# Cookies with long shelf life



## jenl13

As of today my little sister (who I am very close with) left for a four year stint to go study in Australia. Since she will be spending the holidays on her own so far from friends and family, I wanted to see if anyone here could recommend some cookie recipes that can survive being shipped about two weeks and still arrive intact. Does anyone have any tried-and-true gems they'd be willing to share?

I've heard shortbread travels well and has a long shelf life, but I've never made it, so any advice, recommendations or recipes on that score would be appreciated as well. I want to do everything I can to send a little bit of home her way over the holidays (and planning it all is helping distract me from how much I already miss her, which helps a bit  ). 

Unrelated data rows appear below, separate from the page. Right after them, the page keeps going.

(* Let $n\ge1$, let $M_1,\dots,M_n\ge0$ be integers, let $\sigma,\tau$ be permutations of $\{1,\dots,n\}$, and let $a,b,c,d,q$ be generic. For integers $0\le k_i\le M_i$ and $0\le l\le M_1+\dots+M_n$, $$R^l_{k_1+\dots+k_n}(a,b,c,d;M_1+\dots+M_n;q)=\sum_{\substack{m_1+\dots+m_n=l\\0\le m_i\le M_i}}\prod_{i=1}^n R_{k_i}^{m_i}\big(aq^{|k|_i^\sigma},\,bq^{|M-k|_i^\tau},\,cq^{|m|_i^{\mathrm{id}}},\,dq^{|M-m|_i^{\mathrm{id}}};M_i;q\big).$$
   Context: For a multi-index $v=(v_1,\dots,v_n)$ and a permutation $\sigma$, $|v|_i^\sigma=\sum_{\{j:\,\sigma(j)<\sigma(i)\}}v_j$ (so $|v|_i^{\mathrm{id}}=v_1+\dots+v_{i-1}$); $M-k$ denotes $(M_1-k_1,\dots,M_n-k_n)$. $h_k(x;a)=\prod_{j=0}^{k-1}(1-axq^j+a^2q^{2j})$, and for generic parameters $R_k^l(a,b,c,d;N;q)$ are the unique coefficients with $h_k(x;a)h_{N-k}(x;b)=\sum_{l=0}^N R_k^l(a,b,c,d;N;q)h_l(x;c)h_{N-l}(x;d)$. *)

theory Defs
  imports "HOL-Computational_Algebra.Polynomial" "HOL-Combinatorics.Permutations"
begin

definition hpoly :: "complex \<Rightarrow> complex \<Rightarrow> nat \<Rightarrow> complex poly" where
  "hpoly q a k = (\<Prod>j<k. [:1 + a^2 * q^(2*j), - a * q^j:])"

text \<open>The family h_l(x;c) h_{N-l}(x;d), l = 0..N, is linearly independent
  (then it is a basis of polynomials of degree at most N and the coefficients R exist
  and are unique).\<close>
definition basis_indep :: "complex \<Rightarrow> complex \<Rightarrow> complex \<Rightarrow> nat \<Rightarrow> bool" where
  "basis_indep q c d N \<longleftrightarrow>
     (\<forall>f :: nat \<Rightarrow> complex.
        (\<Sum>l\<le>N. smult (f l) (hpoly q c l * hpoly q d (N - l))) = 0 \<longrightarrow> (\<forall>l\<le>N. f l = 0))"

definition Rcoef :: "nat \<Rightarrow> nat \<Rightarrow> complex \<Rightarrow> complex \<Rightarrow> complex \<Rightarrow> complex \<Rightarrow> nat \<Rightarrow> complex \<Rightarrow> complex" where
  "Rcoef k l a b c d N q =
     (THE f :: nat \<Rightarrow> complex. (\<forall>j>N. f j = 0) \<and>
        hpoly q a k * hpoly q b (N - k) =
          (\<Sum>j\<le>N. smult (f j) (hpoly q c j * hpoly q d (N - j)))) l"

text \<open>|v|_i^sigma = sum of v_j over j with sigma j < sigma i (indices 0..n-1).\<close>
definition wsum :: "nat \<Rightarrow> (nat \<Rightarrow> nat) \<Rightarrow> (nat \<Rightarrow> nat) \<Rightarrow> nat \<Rightarrow> nat" where
  "wsum n \<sigma> v i = (\<Sum>j\<in>{j. j < n \<and> \<sigma> j < \<sigma> i}. v j)"

text \<open>Genericity of (c,d,q) relevant for all coefficient families occurring up to size Ntot:
  all families with parameters c q^s, d q^t are independent.\<close>
definition generic_cdq :: "complex \<Rightarrow> complex \<Rightarrow> complex \<Rightarrow> nat \<Rightarrow> bool" where
  "generic_cdq q c d Ntot \<longleftrightarrow>
     (\<forall>N\<le>Ntot. \<forall>s t :: nat. basis_indep q (c * q^s) (d * q^t) N)"

end

theory Submission
  imports Defs
begin

(* The splitting rule h_{k+k'}(x;a) = h_k(x;a) h_{k'}(x;a q^k), applied along the order given by
   sigma (resp. tau), factors h_K(x;a) h_{N-K}(x;b) into the product over i of
   h_{k_i}(x; a q^{|k|_i^sigma}) h_{M_i-k_i}(x; b q^{|M-k|_i^tau}).  Expand the i-th factor in the
   basis h_j(x; c q^s) h_{M_i-j}(x; d q^t), where s and t are the partial sums of the indices m_1, ...
   and M_1 - m_1, ... chosen for the earlier factors; then the same splitting rule collapses every
   product of basis elements to h_{|m|}(x;c) h_{N-|m|}(x;d).  Collecting terms with |m| = l and
   comparing coefficients, which is legitimate because genericity makes the basis independent,
   gives the formula. *)

context vector_space
begin

lemma span_subset_span_if_independent_card:
  assumes "independent B" and "B \<subseteq> span W" and "finite W" and "card W \<le> card B"
  shows "span W \<subseteq> span B"
proof (rule span_minimal[OF _ subspace_span], rule subsetI, rule ccontr)
  fix x assume "x \<in> W" and x: "x \<notin> span B"
  then have "independent (insert x B)" and "insert x B \<subseteq> span W"
    using assms independent_insertI span_base by blast+
  then have "finite B" and "card (insert x B) \<le> card W"
    using independent_span_bound[OF \<open>finite W\<close>] assms(1,2) by auto
  moreover have "x \<notin> B" using x span_base by blast
  ultimately show False using assms(4) by simp
qed

lemma inj_on_if_indexed_independent:
  assumes "finite I" and indep: "\<And>f. (\<Sum>i\<in>I. scale (f i) (g i)) = 0 \<Longrightarrow> \<forall>i\<in>I. f i = 0"
  shows "inj_on g I"
proof (rule inj_onI, rule ccontr)
  fix i j assume ij: "i \<in> I" "j \<in> I" "g i = g j" "i \<noteq> j"
  define f where "f x = (if x = i then 1 else if x = j then -1 else (0::'a))" for x
  have "(\<Sum>x\<in>I. scale (f x) (g x)) = (\<Sum>x\<in>{i, j}. scale (f x) (g x))"
    using ij \<open>finite I\<close> by (intro sum.mono_neutral_right) (auto simp: f_def)
  also have "\<dots> = 0" using ij by (simp add: f_def)
  finally show False using indep ij by (force simp: f_def)
qed

lemma independent_image_if_indexed_independent:
  assumes "finite I" and indep: "\<And>f. (\<Sum>i\<in>I. scale (f i) (g i)) = 0 \<Longrightarrow> \<forall>i\<in>I. f i = 0"
  shows "independent (g ` I)"
proof (rule independent_if_scalars_zero)
  fix f x assume "(\<Sum>x\<in>g ` I. scale (f x) x) = 0" and "x \<in> g ` I"
  then show "f x = 0"
    using indep[of "f \<circ> g"] by (auto simp: sum.reindex[OF inj_on_if_indexed_independent[OF assms]])
qed (use \<open>finite I\<close> in simp)

end

interpretation poly_vs: vector_space "smult :: 'a::field \<Rightarrow> 'a poly \<Rightarrow> 'a poly"
  by unfold_locales (simp_all add: smult_add_right smult_add_left)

I searched for other posts on this topic, but was very surprised to not turn anything up. Any help is appreciated.

Thanks!
jen


----------



## w.debord

Shortbreads, biscotti/mandelbrat and rugelah hold well. So do meringue cookies (although not in a humid climate).


----------



## isa

Cookies my favourite!

I hope I'm not too late. I could go on forever listing cookies but I'll refrain myself. I just hope the list wil inspire you.

*Spices Cookies*

Cinnamon Coins
Gingerbread
Ginger Crinkles
Dutch Cookies
Hermits
Moravian Spice Crisps
Pfeffernusse
Snickerdoodles
Speculaas
Springerle (Anise Cookies)

*Nuts Cookies*

Lebkuchen
Linzer Cookies
Maple Nut Bars
Mexican Wedding Cakes
Melting Moments
Peanut Butter Cookies
Peanut Butter Fudge Cookies

*Chocolate Cookies*

Chocolate Chips Cookies (and all its variations)
Chocolate Thumprints
Crackled Chocolate Cookies
Peppermint Chocolate Cookies
White Chocolate Chips Cookies

*Other Cookies & Confections*

Biscotti (all kinds)
Fruits Filled Cookies
Fruitcakes
Maple Cookies
Meringues
Molasses Cookies
Oatmeal Raisin Cookies
Icebox Cookies (all kinds)
Shortbread
Spritz Butter Cookies
Stained Glass Cookies
Sugar Cookies


----------



## suzanne

Isa covered the list of cookies so well! The only thing I want to add is: when you pack them to send, use REAL popcorn (popped  ) to fill in the spaces so they don't bang around. Much better ecologically than the plastic stuff (and edible, too!).


----------



## panini

macaroons, russian rocks, ship well


----------



## isa

I just have to ask, what are Russian Rocks?


----------



## panini

Isa,
I have no idea where these originated or why they are called russian rocks. I'm sure they go by many other names too.
Here in the south we marinate dates,raisins,pecans in a good bourbon. Then the regular creaming butter and sugar,flour, etc.
Spooned onto sheet and baked. The dates and raiain gives moisture and a longer shelf life.


----------



## bukavugirl

This is what I discovered:

THE best:

chocolate chip meltaways--on the internet--have a 3 week shelf life.   Even my son who doesn't like

cookies loved them.  If you make them  cut back the cornstarch by 1/4 cup and put that to the powdered

sugar.   The macaroons were a failure.  Most recipes say eat with 1 -2 days.  I agree.  For shipping-

googled that and basically wrap 2 together in plastic, then put in shredded paper or popcorn.

Oatmeal cookies have a long shelf life, some German ones like Lebkuchen, (spelling?) and cookies

that have fruit in them  (cranberry, etc.)

Good luck!


----------



## chefedb

Freeze them and take out as needed. Ave. life 6 monthes.


----------



## jayco

In my opinion you just can't go wrong with Biscotti. It's very design is for longevity, it ships well and tastes great. It's not difficult to make and you can flavor it almost anyway you like. You can also throw in nuts, dried fruit, etc. There are many, many recipes.


----------